Серость наступившей белой ночи разом проглотила две фигуры, выскользнувшие из флигеля и устремившиеся в лес. Дитрексен старался четко следовать указаниям московита, но порой из-под его ноги раздавался слабый треск незамеченной опавшей сухой ветки. Федор замирал, оборачивался, шипел по-змеиному и грозил кулаком. Они останавливались, вслушивались в тишину ночи, беззвучно вдыхая влажный запах подлеска, после московит подавал знак идти дальше. Иногда им на пути встречались большие поваленные березы и сосны, с вывороченными корнями. Здесь им приходилось буквально проскальзывать между огромных веток, прижимаясь всем телом к стволу. Лес был по-прежнему во власти белой тени, но заполнился райскими ароматами земли, по ходу заметно усиливалась влажность, означавшая близость большой воды.

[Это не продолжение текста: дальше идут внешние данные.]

lemma transpose_diag_of [simp]: "(diag_of n d)\<^sup>T = diag_of n d"
  by (auto simp: diag_of_def intro!: eq_matI)

lemma index_diag_congruence:
  fixes Y :: "'a::comm_ring_1 mat"
  assumes Y: "Y \<in> carrier_mat n n" and ij: "i < n" "j < n"
  shows "(diag_of n d * Y * diag_of n d) $$ (i,j) = d i * Y $$ (i,j) * d j"
proof -
  have row: "(diag_of n d * Y) $$ (i,l) = d i * Y $$ (i,l)" if "l < n" for l
    using Y ij that
    by (simp add: diag_of_def scalar_prod_def sum.delta if_distrib if_distribR cong: if_cong)
  show ?thesis
    using Y ij row
    by (simp add: diag_of_def scalar_prod_def sum.delta' if_distrib if_distribR cong: if_cong)
qed

lemma smith_form_congruence_zero_iff:
  fixes G :: "'a::comm_ring_1 mat"
  assumes I: "is_ideal I" and X: "X \<in> carrier_mat n n" and G: "G \<in> carrier_mat n n"
    and U: "U \<in> carrier_mat n n" and V: "V \<in> GL_mod n I"
    and smith: "mat_cong I G (U * diag_of n d * V)"
  shows "mat_cong I (G\<^sup>T * X * G) (0\<^sub>m n n) \<longleftrightarrow>
         mat_cong I (diag_of n d * (U\<^sup>T * X * U) * diag_of n d) (0\<^sub>m n n)"
proof -
  let ?D = "diag_of n d" and ?Y = "U\<^sup>T * X * U"
  have Vn: "V \<in> carrier_mat n n"
    using V unfolding GL_mod_def by auto
  have DYD: "?D * ?Y * ?D \<in> carrier_mat n n"
    using X U by (intro mult_carrier_mat[of _ n n] diag_of_carrier) auto
  have "mat_cong I (G\<^sup>T * X * G) ((U * ?D * V)\<^sup>T * X * (U * ?D * V))"
    using smith G X by (intro mat_cong_mult[OF I] mat_cong_transpose mat_cong_refl[OF I]) auto
  also have "(U * ?D * V)\<^sup>T * X * (U * ?D * V) = V\<^sup>T * ((U * ?D)\<^sup>T * X * (U * ?D)) * V"
    using X U Vn by (intro congruence_compose[symmetric]) auto
  also have "\<dots> = V\<^sup>T * (?D * ?Y * ?D) * V"
    using congruence_compose[OF X U diag_of_carrier, of d] by simp
  finally have G_DYD: "mat_cong I (G\<^sup>T * X * G) (V\<^sup>T * (?D * ?Y * ?D) * V)" .
  have "V\<^sup>T * 0\<^sub>m n n * V = 0\<^sub>m n n"
    using Vn by simp
  then have "mat_cong I (G\<^sup>T * X * G) (0\<^sub>m n n) \<longleftrightarrow>
             mat_cong I (V\<^sup>T * (?D * ?Y * ?D) * V) (V\<^sup>T * 0\<^sub>m n n * V)"
    using mat_cong_trans[OF I G_DYD] mat_cong_trans[OF I mat_cong_sym[OF I G_DYD]] by metis
  also have "\<dots> \<longleftrightarrow> mat_cong I (?D * ?Y * ?D) (0\<^sub>m n n)"
    using GL_mod_congruence_cancel[OF I V DYD] by simp
  finally show ?thesis .
qed
lemma psd_square_root_exists:
  fixes M :: "real^'n^'n"
  assumes M: "psd M"
  shows "\<exists>S. psd S \<and> S ** S = M"
proof -
  obtain U where U: "orthonormal_basis U" and eig: "\<And>u. u \<in> U \<Longrightarrow> M *v u = (u \<bullet> (M *v u)) *\<^sub>R u"
    using symmetric_matrix_eigenbasis M unfolding psd_def by blast
  define \<mu> where "\<mu> u = u \<bullet> (M *v u)" for u
  have \<mu>0: "0 \<le> \<mu> u" for u using M by (simp add: psd_def \<mu>_def)
  obtain S where Su: "\<And>u. u \<in> U \<Longrightarrow> S *v u = sqrt (\<mu> u) *\<^sub>R u"
    and inner_S: "\<And>x y. x \<bullet> (S *v y) = (\<Sum>u\<in>U. sqrt (\<mu> u) * (x \<bullet> u) * (y \<bullet> u))"
    using orthonormal_basis_spectral_matrix[OF U] by metis
  have "psd S"
  proof -
    have "transpose S = S"
      by (rule symmetric_matrixI) (simp add: inner_S inner_commute[of "S *v _"] mult_ac)
    moreover have "0 \<le> x \<bullet> (S *v x)" for x
      by (simp add: inner_S) (intro sum_nonneg, simp add: \<mu>0 mult.assoc)
    ultimately show ?thesis by (simp add: psd_def)
  qed
  moreover have "S ** S = M"
  proof (rule matrix_eq_on_orthonormal_basis[OF U])
    fix u assume "u \<in> U"
    then show "(S ** S) *v u = M *v u"
      using eig \<mu>0 by (simp add: Su matrix_vector_mul_assoc[symmetric] matrix_vector_mult_scaleR
          real_sqrt_mult[symmetric] \<mu>_def)
  qed
  ultimately show ?thesis by blast
qed

lemma psd_square_root_unique:
  fixes M :: "real^'n^'n"
  assumes M: "psd M" and S1: "psd S1" "S1 ** S1 = M" and S2: "psd S2" "S2 ** S2 = M"
  shows "S1 = S2"
proof -
  obtain U where U: "orthonormal_basis U" and eig: "\<And>u. u \<in> U \<Longrightarrow> M *v u = (u \<bullet> (M *v u)) *\<^sub>R u"
    using symmetric_matrix_eigenbasis M unfolding psd_def by blast
  show ?thesis
  proof (rule matrix_eq_on_orthonormal_basis[OF U])
    fix u assume u: "u \<in> U"
    have "0 \<le> u \<bullet> (M *v u)" using M by (simp add: psd_def)
    then show "S1 *v u = S2 *v u"
      using psd_square_root_on_eigenvector[OF S1 eig[OF u]]
        psd_square_root_on_eigenvector[OF S2 eig[OF u]] by simp
  qed
qed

К середине ночи они вышли к озеру. Им повезло лес подступал мелким кустарником прямо к берегу, переходя в высокие заросли камыша. Осторожно раздвигая рукой стебли, после придерживая и передавая их из рук в руки Хансу, Шелковников продвигался вперед. Легкий ветер дул им в лицо, он же относил все запахи в сторону, не позволял собакам, если таковые имелись в замке, учуять чужаков, а шуршание камышей заглушало все другие звуки. Им повезло. Они вышли слева от Эрбюхуса. Замок просматривался отлично.
- Молчи и все примечай: этот берег, другой, стены, башни, пушки, часовых, высоту, ширину. Пусть здесь, - Федор постучал пальцем по виску, - все отложится. Мелкое, большое… Все! Твой взор моряка тебе поможет. После, когда вернемся, обсудим, кто и что запомнил.
Справа черным утесом высился замок. Крепостная стена прямоугольная, сложена из крупных валунов, на ней видна одна круглая башня одной высоты со стеной, смотрит на норд-ост, вторая по диагонали смотрит на зюйд-вест. Два других угла крепости без башен. Центральная башня в три этажа, не меньше, расположена не по центру, а сдвинута в сторону озера, на норд-вест. Стены оштукатурены, но есть вкрапления больших камней, на крыше башенка и по углам высокие дымовые трубы. Сам замок выглядел нелепо, будто на небольшой столик взгромоздили несуразный по высоте ящик из камня. Фигуры часовых виднеются на круглой стеновой башне, с нее просматриваются два участка стены, остальных не видать, или прячутся за стенами или где-то есть караульное помещение. Дитрексен прикинул в уме высоту стен и башни, исходя из роста видимых ему часовых. Лая собак не слышно, возможно, без них обходятся. Противоположный западный берег так же зарос камышом. Чернелась рыбацкая лодка, видно, кто-то вышел на ночной лов.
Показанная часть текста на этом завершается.